What are your thoughts on ejuice companies that use child appealing labels on their bottles? Do you think that the vape industry and the anti-vape organisations can come to a compromise by allowing flavored ejuices to remain on the market, but with heavy restrictions on marketing?

See this image : https://i.imgur.com/lVMKmjx.png

mbsiegel1 karma

I think it's unfortunate that some companies have chosen to use child-appealing labels. I think your suggestion would be a great compromise position, and is the type of actual regulation of the product that I believe we need instead of prohibition.

TheManWhoHasThePlan0 karma

I'm curious why you're so against the flavor ban if your reason for defending vaping is it helps smokers quit. They dont make flavored cigarettes, so why would we need flavored e juice? I'm a current smoker so not judging but it seems to me that most smokers wouldnt need a flavor, flavors would only help get not smokers to start bc they like the taste.

mbsiegel7 karma

I understand why one would think that; however, the market sales data demonstrates that the overwhelming majority of adult vapers use non-tobacco-flavored e-liquids.

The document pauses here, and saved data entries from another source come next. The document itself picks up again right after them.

(* Let $a_1,a_2\in\mathbb{R}$ and $C>0$, and let $$R=\begin{pmatrix} 1 & a_1 \\ a_2 & 1 \end{pmatrix},\qquad S=\begin{pmatrix} 1 & Ca_1 \\ a_2/C & 1 \end{pmatrix}.$$ Then the Skorokhod problem with matrix $R$ has a unique solution for every driving function if and only if the Skorokhod problem with matrix $S$ has a unique solution for every driving function.
   Context: For $b=(b_1,b_2)\in\mathbb{R}^2$ write $b\ge 0$ if $b_1\ge 0$ and $b_2\ge 0$, and let $D=\{b\in\mathbb{R}^2: b\ge 0\}$. A driving function is a continuous function $f:[0,\infty)\to\mathbb{R}^2$ with $f(0)\ge 0$. Given a real $2\times 2$ matrix $R$ and a driving function $f$, a solution of the Skorokhod problem is a pair $(g,m)$ where (1) $g:[0,\infty)\to D$ is continuous; (2) $m=(m_1,m_2):[0,\infty)\to\mathbb{R}^2$ is continuous with $m(0)=0$ and each $m_j$ non-decreasing; (3) $g(t)=f(t)+Rm(t)$ for all $t\ge 0$; and (4) for $j=1,2$, $m_j$ increases only when $g_j=0$, i.e. $\int_0^\infty g_j(t)\,dm_j(t)=0$. "Unique solution" means there is exactly one such pair $(g,m)$. *)

theory Defs
  imports "HOL-Analysis.Analysis"
begin

definition nonneg2 :: "real^2 \<Rightarrow> bool" where
  "nonneg2 b \<longleftrightarrow> b $ 1 \<ge> 0 \<and> b $ 2 \<ge> 0"

definition driving_fun :: "(real \<Rightarrow> real^2) \<Rightarrow> bool" where
  "driving_fun f \<longleftrightarrow> continuous_on {0..} f \<and> nonneg2 (f 0)"

text \<open>Condition (4): m_j increases only when g_j = 0, i.e. on every interval
 [s,t] where g_j stays strictly positive, m_j is constant.  For continuous g and
 continuous nondecreasing m this is equivalent to the Stieltjes condition
 int g_j dm_j = 0.\<close>
definition skorokhod_sol ::
  "real^2^2 \<Rightarrow> (real \<Rightarrow> real^2) \<Rightarrow> (real \<Rightarrow> real^2) \<Rightarrow> (real \<Rightarrow> real^2) \<Rightarrow> bool" where
  "skorokhod_sol R f g m \<longleftrightarrow>
     continuous_on {0..} g \<and> (\<forall>t\<ge>0. nonneg2 (g t)) \<and>
     continuous_on {0..} m \<and> m 0 = 0 \<and>
     (\<forall>j. \<forall>s t. 0 \<le> s \<and> s \<le> t \<longrightarrow> m s $ j \<le> m t $ j) \<and>
     (\<forall>t\<ge>0. g t = f t + R *v m t) \<and>
     (\<forall>j. \<forall>s t. 0 \<le> s \<and> s \<le> t \<and> (\<forall>u\<in>{s..t}. g u $ j > 0) \<longrightarrow> m s $ j = m t $ j)"

text \<open>Solutions are functions on [0,oo); we identify functions agreeing there.\<close>
definition unique_solution :: "real^2^2 \<Rightarrow> (real \<Rightarrow> real^2) \<Rightarrow> bool" where
  "unique_solution R f \<longleftrightarrow>
     (\<exists>g m. skorokhod_sol R f g m \<and>
        (\<forall>g' m'. skorokhod_sol R f g' m' \<longrightarrow> (\<forall>t\<ge>0. g' t = g t \<and> m' t = m t)))"

definition mat2 :: "real \<Rightarrow> real \<Rightarrow> real \<Rightarrow> real \<Rightarrow> real^2^2" where
  "mat2 a b c d = (\<chi> i j. if i = 1 then (if j = 1 then a else b) else (if j = 1 then c else d))"

end

theory Submission
  imports Defs
begin

text \<open>For a diagonal matrix D with positive entries, (g, m) solves the Skorokhod problem for
  (R, f) iff (D g, D m) solves it for (D R D^-1, D f): all constraints other than
  g = f + R m are coordinatewise sign, order and equality conditions, which multiplication by
  positive scalars preserves. The matrix with entries 1, C a1, a2/C, 1 is D R D^-1
  for D = diag(1, 1/C), and f \<mapsto> D f is a bijection of driving functions.\<close>

definition diag_conj :: "real^'n \<Rightarrow> real^'n^'n \<Rightarrow> real^'n^'n" where
  "diag_conj d R = (\<chi> i j. d $ i * R $ i $ j / d $ j)"

definition vec_inverse :: "real^'n \<Rightarrow> real^'n" where
  "vec_inverse d = (\<chi> i. inverse (d $ i))"

lemma vec_inverse_mult_cancel:
  assumes "\<forall>i. d $ i \<noteq> 0"
  shows "vec_inverse d * (d * v) = v" "d * (vec_inverse d * v) = v"
  using assms by (simp_all add: vec_eq_iff vec_inverse_def)

lemma vec_inverse_pos: "\<forall>i. d $ i > 0 \<Longrightarrow> \<forall>i. vec_inverse d $ i > 0"
  by (simp add: vec_inverse_def)

lemma diag_conj_vec_inverse:
  assumes "\<forall>i. d $ i \<noteq> 0"
  shows "diag_conj (vec_inverse d) (diag_conj d R) = R"
  using assms by (simp add: vec_eq_iff diag_conj_def vec_inverse_def field_simps)

lemma diag_conj_mult_vec:
  assumes "\<forall>i. d $ i \<noteq> 0"
  shows "d * (R *v m) = diag_conj d R *v (d * m)"
  using assms
  by (auto simp: vec_eq_iff matrix_vector_mult_def diag_conj_def sum_distrib_left intro!: sum.cong)

lemma continuous_on_vec_mult_left:
  fixes d :: "real^'n"
  assumes "continuous_on S f"
  shows "continuous_on S (\<lambda>t. d * f t)"
proof -
  have eq: "(\<lambda>t. d * f t) = (\<lambda>t. \<chi> i. d $ i * f t $ i)"
    by (simp add: vec_eq_iff fun_eq_iff)
  show ?thesis
    unfolding eq by (intro continuous_on_vec_lambda continuous_intros assms)
qed

lemma nonneg2_mult_iff: "\<forall>i. d $ i > 0 \<Longrightarrow> nonneg2 (d * v) \<longleftrightarrow> nonneg2 v"
  by (simp add: nonneg2_def zero_le_mult_iff less_imp_le not_le[symmetric])

lemma driving_fun_mult:
  "\<forall>i. d $ i > 0 \<Longrightarrow> driving_fun f \<Longrightarrow> driving_fun (\<lambda>t. d * f t)"
  by (simp add: driving_fun_def nonneg2_mult_iff continuous_on_vec_mult_left)

lemma skorokhod_sol_diag_conj:
  assumes pos: "\<forall>i. d $ i > 0" and sol: "skorokhod_sol R f g m"
  shows "skorokhod_sol (diag_conj d R) (\<lambda>t. d * f t) (\<lambda>t. d * g t) (\<lambda>t. d * m t)"
proof -
  from sol have g_cont: "continuous_on {0..} g" and g_nonneg: "\<forall>t\<ge>0. nonneg2 (g t)"
    and m_cont: "continuous_on {0..} m" and m_0: "m 0 = 0"
    and g_eq: "\<forall>t\<ge>0. g t = f t + R *v m t"
    and m_mono: "\<forall>j s t. 0 \<le> s \<and> s \<le> t \<longrightarrow> m s $ j \<le> m t $ j"
    and m_compl: "\<forall>j s t. 0 \<le> s \<and> s \<le> t \<and> (\<forall>u\<in>{s..t}. g u $ j > 0) \<longrightarrow> m s $ j = m t $ j"
    unfolding skorokhod_sol_def by blast+
  have nz: "\<forall>i. d $ i \<noteq> 0"
    using pos by (metis less_irrefl)
  have "d * g t = d * f t + diag_conj d R *v (d * m t)" if "t \<ge> 0" for t
    using g_eq that by (simp add: distrib_left diag_conj_mult_vec[OF nz])
  moreover have "(d * m s) $ j \<le> (d * m t) $ j" if "0 \<le> s" "s \<le> t" for s t j
    using m_mono that pos by simp
  moreover have "(d * m s) $ j = (d * m t) $ j"
    if "0 \<le> s" "s \<le> t" "\<forall>u\<in>{s..t}. (d * g u) $ j > 0" for s t j
  proof -
    have "\<forall>u\<in>{s..t}. g u $ j > 0"
      using that(3) pos[rule_format, of j] by (simp add: zero_less_mult_iff)
    then show ?thesis
      using m_compl that by simp
  qed
  moreover have "\<forall>t\<ge>0. nonneg2 (d * g t)"
    using g_nonneg pos by (simp add: nonneg2_mult_iff)
  moreover have "continuous_on {0..} (\<lambda>t. d * g t)" "continuous_on {0..} (\<lambda>t. d * m t)"
    using g_cont m_cont by (simp_all add: continuous_on_vec_mult_left)
  moreover have "d * m 0 = 0"
    using m_0 by simp
  ultimately show ?thesis
    unfolding skorokhod_sol_def by blast
qed

lemma unique_solution_diag_conj:
  assumes pos: "\<forall>i. d $ i > 0" and uniq: "unique_solution R f"
  shows "unique_solution (diag_conj d R) (\<lambda>t. d * f t)"
proof -
  have nz: "\<forall>i. d $ i \<noteq> 0"
    using pos by (metis less_irrefl)
  from uniq obtain g m where sol: "skorokhod_sol R f g m"
    and only: "\<And>g' m'. skorokhod_sol R f g' m' \<Longrightarrow> \<forall>t\<ge>0. g' t = g t \<and> m' t = m t"
    unfolding unique_solution_def by blast
  have "\<forall>t\<ge>0. g' t = d * g t \<and> m' t = d * m t"
    if sol': "skorokhod_sol (diag_conj d R) (\<lambda>t. d * f t) g' m'" for g' m'
  proof -
    have "skorokhod_sol R f (\<lambda>t. vec_inverse d * g' t) (\<lambda>t. vec_inverse d * m' t)"
      using skorokhod_sol_diag_conj[OF vec_inverse_pos[OF pos] sol']
      by (simp add: diag_conj_vec_inverse[OF nz] vec_inverse_mult_cancel[OF nz])
    from only[OF this] show ?thesis
      by (metis vec_inverse_mult_cancel(2)[OF nz])
  qed
  with skorokhod_sol_diag_conj[OF pos sol] show ?thesis
    unfolding unique_solution_def by blast
qed

lemma all_unique_solution_diag_conj_iff:
  assumes pos: "\<forall>i. d $ i > 0"
  shows "(\<forall>f. driving_fun f \<longrightarrow> unique_solution (diag_conj d R) f) \<longleftrightarrow>
         (\<forall>f. driving_fun f \<longrightarrow> unique_solution R f)"
proof -
  have nz: "\<forall>i. d $ i \<noteq> 0"
    using pos by (metis less_irrefl)
  show ?thesis
  proof
    assume "\<forall>f. driving_fun f \<longrightarrow> unique_solution (diag_conj d R) f"
    then have "unique_solution (diag_conj (vec_inverse d) (diag_conj d R)) (\<lambda>t. vec_inverse d * (d * f t))"
      if "driving_fun f" for f
      using that pos by (simp add: unique_solution_diag_conj vec_inverse_pos driving_fun_mult)
    then show "\<forall>f. driving_fun f \<longrightarrow> unique_solution R f"
      by (simp add: diag_conj_vec_inverse[OF nz] vec_inverse_mult_cancel[OF nz])
  next
    assume "\<forall>f. driving_fun f \<longrightarrow> unique_solution R f"
    then have "unique_solution (diag_conj d R) (\<lambda>t. d * (vec_inverse d * f t))"
      if "driving_fun f" for f
      using that pos by (simp add: unique_solution_diag_conj vec_inverse_pos driving_fun_mult)
    then show "\<forall>f. driving_fun f \<longrightarrow> unique_solution (diag_conj d R) f"
      by (simp add: vec_inverse_mult_cancel[OF nz])
  qed
qed

theorem lemma3p1:
  fixes a1 a2 C :: real
  assumes "C > 0"
  shows "(\<forall>f. driving_fun f \<longrightarrow> unique_solution (mat2 1 a1 a2 1) f) \<longleftrightarrow>
         (\<forall>f. driving_fun f \<longrightarrow> unique_solution (mat2 1 (C * a1) (a2 / C) 1) f)"
proof -
  define d :: "real^2" where "d = (\<chi> i. if i = 1 then 1 else 1 / C)"
  have "\<forall>i. d $ i > 0"
    using assms by (simp add: d_def)
  moreover have "mat2 1 (C * a1) (a2 / C) 1 = diag_conj d (mat2 1 a1 a2 1)"
    using assms by (simp add: vec_eq_iff forall_2 d_def diag_conj_def mat2_def)
  ultimately show ?thesis
    by (simp add: all_unique_solution_diag_conj_iff)
qed

end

One of the reasons why smokers switch to vaping is specifically to get away from tobacco. So the idea of using a tobacco-flavored e-liquid doesn't appeal to many smokers. Moreover, once they do switch to a flavored e-liquid, they lose their taste for tobacco and don't want to go back. Data from a study of JUUL users demonstrates that smokers who switched to flavored JUUL pods were significantly more likely to quit smoking completely than those who switched to tobacco JUUL pods. So the flavors appear to also increase the effectiveness of e-cigarettes for smoking cessation.